lemma ereal_le_opt_height:
  assumes "\<And>\<sigma> H. is_schedule n \<sigma> \<Longrightarrow> heights_bounded_by n h \<sigma> H \<Longrightarrow> r \<le> H"
  shows "ereal r \<le> opt_height n h"
  unfolding opt_height_def
proof (rule INF_greatest)
  fix \<sigma> assume "\<sigma> \<in> {\<sigma>. is_schedule n \<sigma>}"
  then have sch: "is_schedule n \<sigma>" by simp
  show "ereal r \<le> schedule_height n h \<sigma>"
  proof (rule ccontr)
    assume "\<not> ?thesis"
    then have "schedule_height n h \<sigma> < ereal r" by simp
    then obtain z where z: "schedule_height n h \<sigma> < ereal z" "ereal z < ereal r"
      using ereal_dense2 by blast
    have "heights_bounded_by n h \<sigma> z"
      unfolding heights_bounded_by_def
    proof (intro allI impI)
      fix t j :: nat assume tj: "t \<ge> 1" "j \<in> {1..n}"
      have "ereal (height_before_cut h \<sigma> j t) \<le> schedule_height n h \<sigma>"
        unfolding schedule_height_def by (rule SUP_upper2[of t]) (use tj in \<open>auto intro: SUP_upper\<close>)
      then have "ereal (height_before_cut h \<sigma> j t) < ereal z" using z(1) by (rule le_less_trans)
      then show "height_before_cut h \<sigma> j t \<le> z" by simp
    qed
    then have "r \<le> z" by (rule assms[OF sch])
    with z(2) show False by simp
  qed
qed

section \<open>The partition into classes\<close>

lemma dyadic_exponent_unique:
  fixes x :: real
  assumes "(1/2)^Suc k < x" "x \<le> (1/2)^k" "(1/2)^Suc k' < x" "x \<le> (1/2)^k'"
  shows "k = k'"
proof -
  have False if "p < q" "(1/2)^Suc p < x" "x \<le> (1/2)^q" for p q :: nat
  proof -
    have "((1/2::real))^q \<le> (1/2)^Suc p" using \<open>p < q\<close> by (intro power_decreasing) auto
    with that show False by linarith
  qed
  with assms show ?thesis by (metis linorder_neqE_nat)
qed

lemma h2_S3_eq:
  assumes "2/3 * (1/2)^k < x" "x \<le> (1/2)^k" "k \<ge> 1"
  shows "h2_S3 x = (1/2)^k"
proof -
  have "(THE k::nat. k \<ge> 1 \<and> 2/3 * (1/2)^k < x \<and> x \<le> (1/2)^k) = k"
  proof (rule the_equality)
    fix k' :: nat assume "k' \<ge> 1 \<and> 2/3 * (1/2)^k' < x \<and> x \<le> (1/2)^k'"
    then show "k' = k" using assms by (intro dyadic_exponent_unique[of k' x k]) auto
  qed (use assms in auto)
  then show ?thesis unfolding h2_S3_def by simp
qed

lemma h2_S4_eq:
  assumes "(1/2)^(k+1) < x" "x \<le> 2/3 * (1/2)^k" "k \<ge> 1"
  shows "h2_S4 x = 2/3 * (1/2)^k"
proof -
  have "(THE k::nat. k \<ge> 1 \<and> (1/2)^(k+1) < x \<and> x \<le> 2/3 * (1/2)^k) = k"
  proof (rule the_equality)
    fix k' :: nat assume "k' \<ge> 1 \<and> (1/2)^(k'+1) < x \<and> x \<le> 2/3 * (1/2)^k'"
    then show "k' = k" using assms by (intro dyadic_exponent_unique[of k' x k]) auto
  qed (use assms in auto)
  then show ?thesis unfolding h2_S4_def by simp
qed

lemma h2_S3_bounds:
  assumes "j \<in> S3 n h"
  shows "0 \<le> h2_S3 (h j)" "2/3 * h2_S3 (h j) \<le> h j"
proof -
  obtain k :: nat where "k \<ge> 1" "2/3 * (1/2)^k < h j" "h j \<le> (1/2)^k"
    using assms unfolding S3_def by auto
  then show "0 \<le> h2_S3 (h j)" "2/3 * h2_S3 (h j) \<le> h j" by (simp_all add: h2_S3_eq)
qed

lemma h2_S4_bounds:
  assumes "j \<in> S4 n h"
  shows "0 \<le> h2_S4 (h j)" "2/3 * h2_S4 (h j) \<le> h j"
proof -
  obtain k :: nat where "k \<ge> 1" "(1/2)^(k+1) < h j" "h j \<le> 2/3 * (1/2)^k"
    using assms unfolding S4_def by auto
  then show "0 \<le> h2_S4 (h j)" "2/3 * h2_S4 (h j) \<le> h j" by (simp_all add: h2_S4_eq)
qed

lemma S3_S4_disjoint: "S3 n h \<inter> S4 n h = {}"
proof -
  have False if "j \<in> S3 n h" "j \<in> S4 n h" for j
  proof -
    obtain k :: nat where k: "2/3 * (1/2)^k < h j" "h j \<le> (1/2)^k"
      using \<open>j \<in> S3 n h\<close> unfolding S3_def by auto
    obtain k' :: nat where k': "(1/2)^Suc k' < h j" "h j \<le> 2/3 * (1/2)^k'"
      using \<open>j \<in> S4 n h\<close> unfolding S4_def by auto
    have "k = k'" using k k' by (intro dyadic_exponent_unique[of k "h j" k']) auto
    with k k' show False by simp
  qed
  then show ?thesis by blast
qed

lemma sh3_bounds: "0 \<le> sh3 n h" "2/3 * sh3 n h \<le> (\<Sum>j\<in>S3 n h. h j)"
  unfolding sh3_def sum_distrib_left
  by (rule sum_nonneg sum_mono, erule h2_S3_bounds)+
lemma open_walk_Z_to_causalE:
  assumes clear: "\<And>w. w \<in> W \<Longrightarrow> (x, w) \<in> D\<^sup>* \<Longrightarrow> (w, y) \<in> D\<^sup>* \<Longrightarrow> False"
    and "d_connected V D B {x} Z W" "x \<notin> W" "c \<in> causal V D B x y"
  obtains vs ks where "is_walk V D B vs ks" "open_walk W vs ks" "hd vs \<in> Z" "last vs = c"
proof -
  from \<open>d_connected V D B {x} Z W\<close> obtain vs1 ks1 where P1: "is_walk V D B vs1 ks1"
      "hd vs1 \<in> Z" "last vs1 = x" "open_walk W vs1 ks1"
    by (subst (asm) d_connected_sym) (auto simp: d_connected_def)
  have xc: "(x, c) \<in> D\<^sup>+" and "(c, y) \<in> D\<^sup>*"
    using \<open>c \<in> causal V D B x y\<close> causal_trancl causal_iff by auto
  have "c \<in> V" using assms(4) by (rule causal_in_V)
  have clear_c: "u \<notin> W" if "(x, u) \<in> D\<^sup>+" "(u, c) \<in> D\<^sup>+" for u
    using clear \<open>(c, y) \<in> D\<^sup>*\<close> that by (meson trancl_into_rtrancl rtrancl_trans)
  obtain vs2 ks2 where P2: "is_walk V D B vs2 ks2" "directed_walk ks2" "hd vs2 = x" "last vs2 = c"
      "open_walk W vs2 ks2"
    using open_directed_walkE[OF D_subset trancl_into_rtrancl[OF xc] \<open>c \<in> V\<close> clear_c] .
  have "hd ks2 = Fwd" if "ks2 \<noteq> []" using that directed_walk_hd_last[OF P2(2)] by simp
  then show ?thesis
    using that[OF is_walk_append[OF P1(1) P2(1)] open_walk_append[OF P1(1) P2(1) _ P1(4) P2(5)]]
      is_walk_append_hd_last[OF P1(1) P2(1)] P1(2,3) P2(3,4) \<open>x \<notin> W\<close> by simp
qed

lemma de_causal_disjoint_W:
  assumes clear: "\<And>w. w \<in> W \<Longrightarrow> (x, w) \<in> D\<^sup>* \<Longrightarrow> (w, y) \<in> D\<^sup>* \<Longrightarrow> False"
    and "d_connected V D B {x} Z W" "x \<notin> W"
    and ends: "open_walks_to_y_end_directed Z W"
  shows "de V D B (causal V D B x y) \<inter> W = {}"
proof (rule ccontr)
  let ?C = "de V D B (causal V D B x y)"
  assume "?C \<inter> W \<noteq> {}"
  then obtain w0 where w0: "w0 \<in> ?C \<inter> W" by blast
  have "finite D" using admg finite_subset[OF D_subset] by (simp add: admg_def)
  then have "wf (D\<^sup>+)" using acyclic_D by (simp add: finite_acyclic_wf wf_trancl)
  then obtain w where w: "w \<in> ?C \<inter> W" and w_min: "\<And>u. (u, w) \<in> D\<^sup>+ \<Longrightarrow> u \<notin> ?C \<inter> W"
    by (rule wfE_min[OF _ w0]) (rule that)
  obtain c where c: "c \<in> causal V D B x y" "(c, w) \<in> D\<^sup>*" using w de_causal_iff by blast
  have xc: "(x, c) \<in> D\<^sup>+" and cy: "(c, y) \<in> D\<^sup>*" using c(1) causal_trancl by (auto simp: causal_iff)
  have "c \<notin> W" using clear[of c] trancl_into_rtrancl[OF xc] cy by blast
  have clear_w: "u \<notin> W" if "(c, u) \<in> D\<^sup>+" "(u, w) \<in> D\<^sup>+" for u
    using w_min[OF that(2)] c(1) trancl_into_rtrancl[OF that(1)] de_causal_iff by blast
  have clear_y: "u \<notin> W" if "(c, u) \<in> D\<^sup>+" "(u, y) \<in> D\<^sup>+" for u
    using clear xc that by (meson trancl_into_rtrancl trancl_trans)
  obtain vs2 ks2 where detour: "is_walk V D B vs2 ks2" "open_walk W vs2 ks2" "hd vs2 = c" "last vs2 = y"
      "hd ks2 = Fwd" "Bwd \<in> set ks2" "\<forall>u \<in> set vs2. (c, u) \<in> D\<^sup>*"
    using detour_walkE[OF D_subset causal_in_V[OF c(1)] c(2) cy _ \<open>c \<notin> W\<close> clear_w clear_y] w
    by blast
  obtain vs1 ks1 where P1: "is_walk V D B vs1 ks1" "open_walk W vs1 ks1" "hd vs1 \<in> Z" "last vs1 = c"
    using open_walk_Z_to_causalE[OF clear assms(2,3) c(1)] .
  have walk: "is_walk V D B (vs1 @ tl vs2) (ks1 @ ks2)"
    and walk_open: "open_walk W (vs1 @ tl vs2) (ks1 @ ks2)"
    using is_walk_append[OF P1(1) detour(1)] open_walk_append[OF P1(1) detour(1) _ P1(2) detour(2)]
      P1 detour \<open>c \<notin> W\<close> by simp_all
  have "hd (vs1 @ tl vs2) \<in> Z" "last (vs1 @ tl vs2) = y"
    using is_walk_append_hd_last[OF P1(1) detour(1)] P1 detour by simp_all
  with open_walks_to_y_end_directedD[OF ends walk] walk_open
  have "ends_directed_from x (vs1 @ tl vs2) (ks1 @ ks2)" by simp
  moreover have "x \<notin> set vs2" using detour(7) c(1) x_notin_de_causal de_causal_iff by blast
  ultimately have "directed_walk ks2"
    using ends_directed_from_append[OF _ is_walk_length[OF P1(1)]] by simp
  with detour(6) show False by (auto simp: directed_walk_iff)
qed

lemma de_causal_open_walkE:
  assumes "de V D B (causal V D B x y) \<inter> W = {}" "c \<in> de V D B (causal V D B x y)" "(c, u) \<in> D\<^sup>*"
  obtains vs ks where "is_walk V D B vs ks" "directed_walk ks" "hd vs = c" "last vs = u"
    "open_walk W vs ks" "set vs \<subseteq> de V D B (causal V D B x y)"
proof -
  have "c \<in> V" using assms(2) rtrancl_in_V[OF D_subset] by (auto simp: de_iff[OF admg])
  then have "u \<in> V" using rtrancl_in_V[OF D_subset assms(3)] by blast
  have clear: "v \<notin> W" if "(c, v) \<in> D\<^sup>+" "(v, u) \<in> D\<^sup>+" for v
    using assms(1,2) de_causal_rtrancl[OF assms(2) trancl_into_rtrancl[OF that(1)]] by blast
  obtain vs ks where P: "is_walk V D B vs ks" "directed_walk ks" "hd vs = c" "last vs = u"
      "open_walk W vs ks"
    using open_directed_walkE[OF D_subset assms(3) \<open>u \<in> V\<close> clear] .
  moreover have "set vs \<subseteq> de V D B (causal V D B x y)"
    using directed_walk_set[OF P(1,2)] P(3) de_causal_rtrancl[OF assms(2)] by blast
  ultimately show ?thesis using that by blast
qed

lemma de_causal_disjoint_Z:
  assumes C_W: "de V D B (causal V D B x y) \<inter> W = {}"
    and ends: "open_walks_to_y_end_directed Z W"
  shows "de V D B (causal V D B x y) \<inter> Z = {}"
proof (rule ccontr)
  let ?C = "de V D B (causal V D B x y)"
  assume "?C \<inter> Z \<noteq> {}"
  then obtain z where "z \<in> Z" "z \<in> ?C" by blast
  then obtain c where c: "c \<in> causal V D B x y" "(c, z) \<in> D\<^sup>*" using de_causal_iff by blast
  have "c \<in> ?C" using c(1) de_causal_iff by blast
  have "(c, y) \<in> D\<^sup>*" using c(1) causal_iff by blast
  obtain vs1 ks1 where P1: "is_walk V D B vs1 ks1" "directed_walk ks1" "hd vs1 = c" "last vs1 = z"
      "open_walk W vs1 ks1" "set vs1 \<subseteq> ?C"
    using de_causal_open_walkE[OF C_W \<open>c \<in> ?C\<close> c(2)] .
  obtain vs2 ks2 where P2: "is_walk V D B vs2 ks2" "directed_walk ks2" "hd vs2 = c" "last vs2 = y"
      "open_walk W vs2 ks2" "set vs2 \<subseteq> ?C"
    using de_causal_open_walkE[OF C_W \<open>c \<in> ?C\<close> \<open>(c, y) \<in> D\<^sup>*\<close>] .
  have walk: "is_walk V D B (rev vs1 @ tl vs2) (rev (map flip ks1) @ ks2)"
    and walk_open: "open_walk W (rev vs1 @ tl vs2) (rev (map flip ks1) @ ks2)"
    using fork_walk[OF P1(1,2,5) P2(1,5)] P1(3) P2(3) \<open>c \<in> ?C\<close> C_W by auto
  have "hd (rev vs1 @ tl vs2) \<in> Z" "last (rev vs1 @ tl vs2) = y"
    using is_walk_append_hd_last[OF is_walk_rev[OF P1(1)] P2(1)] P1(3,4) P2(3,4) \<open>z \<in> Z\<close>
      is_walk_not_Nil[OF P1(1)]
    by (simp_all add: hd_rev last_rev)
  with open_walks_to_y_end_directedD[OF ends walk] walk_open
  have "ends_directed_from x (rev vs1 @ tl vs2) (rev (map flip ks1) @ ks2)" by simp
  then have "x \<in> set (rev vs1 @ tl vs2)" by (rule ends_directed_from_mem)
  moreover have "set (rev vs1 @ tl vs2) \<subseteq> ?C"
    using set_append_tl_subset[of "rev vs1" vs2] P1(6) P2(6) by auto
  ultimately show False using x_notin_de_causal by blast
qed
■ ■ ■
### WHAT YOU NEED TO DO
Your reply should contain only the number of lines in the entries above with the word "sigma".

### EXERCISE SOLUTION
10